• Task description
Only one stretch of the data below is wanted: the lines from the one with "phi u \<ge>" through the one with "(a - b))\<^sup>2", repeated exactly.

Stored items

= = = =

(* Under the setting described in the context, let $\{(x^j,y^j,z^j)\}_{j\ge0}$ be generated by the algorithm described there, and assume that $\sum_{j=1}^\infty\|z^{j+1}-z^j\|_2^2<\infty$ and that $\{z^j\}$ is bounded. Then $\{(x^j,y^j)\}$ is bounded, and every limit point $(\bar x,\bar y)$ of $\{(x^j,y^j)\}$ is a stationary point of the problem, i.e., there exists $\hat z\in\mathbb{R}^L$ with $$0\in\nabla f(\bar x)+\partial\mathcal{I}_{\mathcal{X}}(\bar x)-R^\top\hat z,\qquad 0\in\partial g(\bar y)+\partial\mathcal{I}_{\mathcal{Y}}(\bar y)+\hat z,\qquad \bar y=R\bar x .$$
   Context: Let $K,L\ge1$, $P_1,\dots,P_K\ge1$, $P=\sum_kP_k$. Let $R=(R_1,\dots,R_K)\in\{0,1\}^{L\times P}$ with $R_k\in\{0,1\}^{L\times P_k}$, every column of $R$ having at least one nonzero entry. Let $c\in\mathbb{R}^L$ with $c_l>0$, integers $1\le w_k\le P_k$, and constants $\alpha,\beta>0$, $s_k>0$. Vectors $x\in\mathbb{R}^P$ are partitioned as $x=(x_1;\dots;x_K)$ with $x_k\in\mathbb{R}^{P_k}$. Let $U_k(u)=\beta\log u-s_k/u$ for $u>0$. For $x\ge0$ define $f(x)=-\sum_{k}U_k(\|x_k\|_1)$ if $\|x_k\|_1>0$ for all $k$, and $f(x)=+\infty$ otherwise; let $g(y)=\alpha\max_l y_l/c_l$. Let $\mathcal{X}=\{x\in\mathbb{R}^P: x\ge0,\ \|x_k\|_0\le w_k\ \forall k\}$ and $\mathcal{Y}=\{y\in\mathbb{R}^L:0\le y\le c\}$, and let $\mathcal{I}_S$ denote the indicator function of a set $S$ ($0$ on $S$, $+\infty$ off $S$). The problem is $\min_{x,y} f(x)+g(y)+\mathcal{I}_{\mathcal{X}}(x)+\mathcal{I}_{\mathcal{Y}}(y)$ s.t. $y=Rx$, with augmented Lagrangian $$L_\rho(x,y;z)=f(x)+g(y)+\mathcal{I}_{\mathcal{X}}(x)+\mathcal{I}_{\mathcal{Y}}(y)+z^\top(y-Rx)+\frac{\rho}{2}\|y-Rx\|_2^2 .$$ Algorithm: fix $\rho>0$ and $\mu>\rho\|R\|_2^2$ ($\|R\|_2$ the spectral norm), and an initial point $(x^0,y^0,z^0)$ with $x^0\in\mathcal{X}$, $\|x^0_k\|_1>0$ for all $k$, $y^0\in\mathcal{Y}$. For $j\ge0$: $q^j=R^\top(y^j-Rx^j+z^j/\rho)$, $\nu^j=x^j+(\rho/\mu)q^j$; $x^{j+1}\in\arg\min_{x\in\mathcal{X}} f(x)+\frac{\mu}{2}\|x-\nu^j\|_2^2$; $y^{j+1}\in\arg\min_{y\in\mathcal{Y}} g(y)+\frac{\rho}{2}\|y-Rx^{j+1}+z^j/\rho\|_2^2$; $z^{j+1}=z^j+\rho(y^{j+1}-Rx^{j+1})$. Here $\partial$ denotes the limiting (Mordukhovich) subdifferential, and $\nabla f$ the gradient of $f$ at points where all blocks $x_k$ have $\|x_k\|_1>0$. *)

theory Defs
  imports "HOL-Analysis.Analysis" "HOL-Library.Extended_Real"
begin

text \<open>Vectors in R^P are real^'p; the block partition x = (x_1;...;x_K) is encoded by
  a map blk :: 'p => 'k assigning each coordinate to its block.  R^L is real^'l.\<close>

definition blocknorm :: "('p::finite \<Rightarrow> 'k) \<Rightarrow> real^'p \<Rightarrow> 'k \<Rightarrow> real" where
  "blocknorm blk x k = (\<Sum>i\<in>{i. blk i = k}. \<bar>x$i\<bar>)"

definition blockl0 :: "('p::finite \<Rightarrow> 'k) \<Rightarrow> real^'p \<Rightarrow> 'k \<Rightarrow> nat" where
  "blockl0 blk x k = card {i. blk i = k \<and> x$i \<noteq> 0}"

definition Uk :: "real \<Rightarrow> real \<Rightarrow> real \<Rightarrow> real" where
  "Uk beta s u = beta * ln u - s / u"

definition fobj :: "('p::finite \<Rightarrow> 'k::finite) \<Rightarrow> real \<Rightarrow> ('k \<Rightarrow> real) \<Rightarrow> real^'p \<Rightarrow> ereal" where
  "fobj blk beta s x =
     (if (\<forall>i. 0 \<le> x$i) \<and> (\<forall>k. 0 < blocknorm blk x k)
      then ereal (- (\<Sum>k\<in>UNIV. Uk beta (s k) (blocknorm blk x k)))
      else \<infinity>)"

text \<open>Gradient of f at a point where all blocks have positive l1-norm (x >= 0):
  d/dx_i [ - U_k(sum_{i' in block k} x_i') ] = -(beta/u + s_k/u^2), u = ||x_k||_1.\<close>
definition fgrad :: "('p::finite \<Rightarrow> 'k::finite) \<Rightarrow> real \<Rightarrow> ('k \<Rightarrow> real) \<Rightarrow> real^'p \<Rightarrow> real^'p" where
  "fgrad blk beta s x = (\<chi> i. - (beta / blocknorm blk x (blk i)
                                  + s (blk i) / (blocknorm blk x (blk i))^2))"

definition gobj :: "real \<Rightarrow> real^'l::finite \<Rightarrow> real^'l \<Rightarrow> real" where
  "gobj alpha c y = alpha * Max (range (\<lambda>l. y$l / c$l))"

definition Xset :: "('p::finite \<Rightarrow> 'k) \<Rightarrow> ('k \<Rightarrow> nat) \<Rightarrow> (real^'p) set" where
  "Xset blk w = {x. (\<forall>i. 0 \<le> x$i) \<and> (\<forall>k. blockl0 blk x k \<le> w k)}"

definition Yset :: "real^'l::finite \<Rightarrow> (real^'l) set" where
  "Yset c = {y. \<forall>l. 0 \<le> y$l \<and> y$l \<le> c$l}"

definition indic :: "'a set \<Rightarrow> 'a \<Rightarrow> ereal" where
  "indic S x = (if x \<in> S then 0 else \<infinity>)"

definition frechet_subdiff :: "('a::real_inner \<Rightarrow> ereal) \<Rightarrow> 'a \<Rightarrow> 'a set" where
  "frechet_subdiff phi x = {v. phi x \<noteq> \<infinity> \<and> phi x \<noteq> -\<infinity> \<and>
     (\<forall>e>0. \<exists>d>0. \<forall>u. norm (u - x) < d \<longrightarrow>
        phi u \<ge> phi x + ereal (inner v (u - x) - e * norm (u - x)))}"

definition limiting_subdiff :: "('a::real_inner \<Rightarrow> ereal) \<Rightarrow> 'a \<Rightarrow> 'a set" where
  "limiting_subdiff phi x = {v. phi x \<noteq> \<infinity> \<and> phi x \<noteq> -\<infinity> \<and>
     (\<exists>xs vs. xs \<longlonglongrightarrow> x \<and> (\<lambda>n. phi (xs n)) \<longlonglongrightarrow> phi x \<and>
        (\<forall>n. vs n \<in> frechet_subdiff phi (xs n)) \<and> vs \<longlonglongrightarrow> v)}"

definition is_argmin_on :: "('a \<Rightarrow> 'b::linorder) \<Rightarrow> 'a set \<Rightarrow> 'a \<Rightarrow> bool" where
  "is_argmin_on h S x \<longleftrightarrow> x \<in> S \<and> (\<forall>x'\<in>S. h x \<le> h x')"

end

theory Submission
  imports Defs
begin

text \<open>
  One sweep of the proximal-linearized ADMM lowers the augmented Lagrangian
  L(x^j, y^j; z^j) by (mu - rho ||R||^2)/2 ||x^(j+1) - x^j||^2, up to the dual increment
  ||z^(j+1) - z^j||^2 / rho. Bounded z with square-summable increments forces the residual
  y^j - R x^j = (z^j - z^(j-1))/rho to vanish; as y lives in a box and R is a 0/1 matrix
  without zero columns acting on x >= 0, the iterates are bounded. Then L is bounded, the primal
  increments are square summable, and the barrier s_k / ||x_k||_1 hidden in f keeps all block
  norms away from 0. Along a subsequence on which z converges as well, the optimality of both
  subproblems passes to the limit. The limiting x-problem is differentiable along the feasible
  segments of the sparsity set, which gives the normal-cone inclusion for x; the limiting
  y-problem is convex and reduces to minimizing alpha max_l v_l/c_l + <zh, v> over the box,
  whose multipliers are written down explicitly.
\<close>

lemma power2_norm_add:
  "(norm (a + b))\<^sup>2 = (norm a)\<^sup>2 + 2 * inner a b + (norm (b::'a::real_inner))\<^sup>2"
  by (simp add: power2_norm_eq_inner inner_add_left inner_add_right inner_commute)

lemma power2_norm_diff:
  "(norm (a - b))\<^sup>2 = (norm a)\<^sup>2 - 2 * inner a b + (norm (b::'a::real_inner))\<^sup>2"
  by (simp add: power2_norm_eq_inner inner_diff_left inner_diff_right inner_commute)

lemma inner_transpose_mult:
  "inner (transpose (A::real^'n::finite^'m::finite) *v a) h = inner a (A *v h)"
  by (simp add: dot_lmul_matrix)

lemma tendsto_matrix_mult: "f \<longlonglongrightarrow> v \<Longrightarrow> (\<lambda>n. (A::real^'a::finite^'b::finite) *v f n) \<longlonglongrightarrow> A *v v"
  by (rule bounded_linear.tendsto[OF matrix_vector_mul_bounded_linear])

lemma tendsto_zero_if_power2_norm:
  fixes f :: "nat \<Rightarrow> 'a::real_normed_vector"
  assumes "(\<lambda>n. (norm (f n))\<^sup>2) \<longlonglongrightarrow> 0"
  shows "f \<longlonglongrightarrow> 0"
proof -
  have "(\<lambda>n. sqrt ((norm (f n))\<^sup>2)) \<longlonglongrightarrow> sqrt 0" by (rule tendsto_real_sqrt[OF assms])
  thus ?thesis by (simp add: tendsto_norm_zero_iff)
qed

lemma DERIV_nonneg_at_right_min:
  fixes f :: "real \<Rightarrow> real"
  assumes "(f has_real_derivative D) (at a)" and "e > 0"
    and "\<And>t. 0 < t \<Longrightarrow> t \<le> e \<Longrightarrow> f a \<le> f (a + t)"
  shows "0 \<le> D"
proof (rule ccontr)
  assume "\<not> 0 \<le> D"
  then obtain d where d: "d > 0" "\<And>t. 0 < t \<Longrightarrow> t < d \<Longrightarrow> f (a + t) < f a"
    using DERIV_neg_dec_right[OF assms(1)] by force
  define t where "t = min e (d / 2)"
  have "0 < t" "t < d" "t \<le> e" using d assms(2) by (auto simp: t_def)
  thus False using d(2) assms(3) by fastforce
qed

= = = =

• Answer area
        phi u \<ge> phi x + ereal (inner v (u - x) - e * norm (u - x)))}"

definition limiting_subdiff :: "('a::real_inner \<Rightarrow> ereal) \<Rightarrow> 'a \<Rightarrow> 'a set" where
  "limiting_subdiff phi x = {v. phi x \<noteq> \<infinity> \<and> phi x \<noteq> -\<infinity> \<and>
     (\<exists>xs vs. xs \<longlonglongrightarrow> x \<and> (\<lambda>n. phi (xs n)) \<longlonglongrightarrow> phi x \<and>
        (\<forall>n. vs n \<in> frechet_subdiff phi (xs n)) \<and> vs \<longlonglongrightarrow> v)}"

definition is_argmin_on :: "('a \<Rightarrow> 'b::linorder) \<Rightarrow> 'a set \<Rightarrow> 'a \<Rightarrow> bool" where
  "is_argmin_on h S x \<longleftrightarrow> x \<in> S \<and> (\<forall>x'\<in>S. h x \<le> h x')"

end

theory Submission
  imports Defs
begin

text \<open>
  One sweep of the proximal-linearized ADMM lowers the augmented Lagrangian
  L(x^j, y^j; z^j) by (mu - rho ||R||^2)/2 ||x^(j+1) - x^j||^2, up to the dual increment
  ||z^(j+1) - z^j||^2 / rho. Bounded z with square-summable increments forces the residual
  y^j - R x^j = (z^j - z^(j-1))/rho to vanish; as y lives in a box and R is a 0/1 matrix
  without zero columns acting on x >= 0, the iterates are bounded. Then L is bounded, the primal
  increments are square summable, and the barrier s_k / ||x_k||_1 hidden in f keeps all block
  norms away from 0. Along a subsequence on which z converges as well, the optimality of both
  subproblems passes to the limit. The limiting x-problem is differentiable along the feasible
  segments of the sparsity set, which gives the normal-cone inclusion for x; the limiting
  y-problem is convex and reduces to minimizing alpha max_l v_l/c_l + <zh, v> over the box,
  whose multipliers are written down explicitly.
\<close>

lemma power2_norm_add:
  "(norm (a + b))\<^sup>2 = (norm a)\<^sup>2 + 2 * inner a b + (norm (b::'a::real_inner))\<^sup>2"
  by (simp add: power2_norm_eq_inner inner_add_left inner_add_right inner_commute)

lemma power2_norm_diff:
  "(norm (a - b))\<^sup>2 = (norm a)\<^sup>2 - 2 * inner a b + (norm (b::'a::real_inner))\<^sup>2"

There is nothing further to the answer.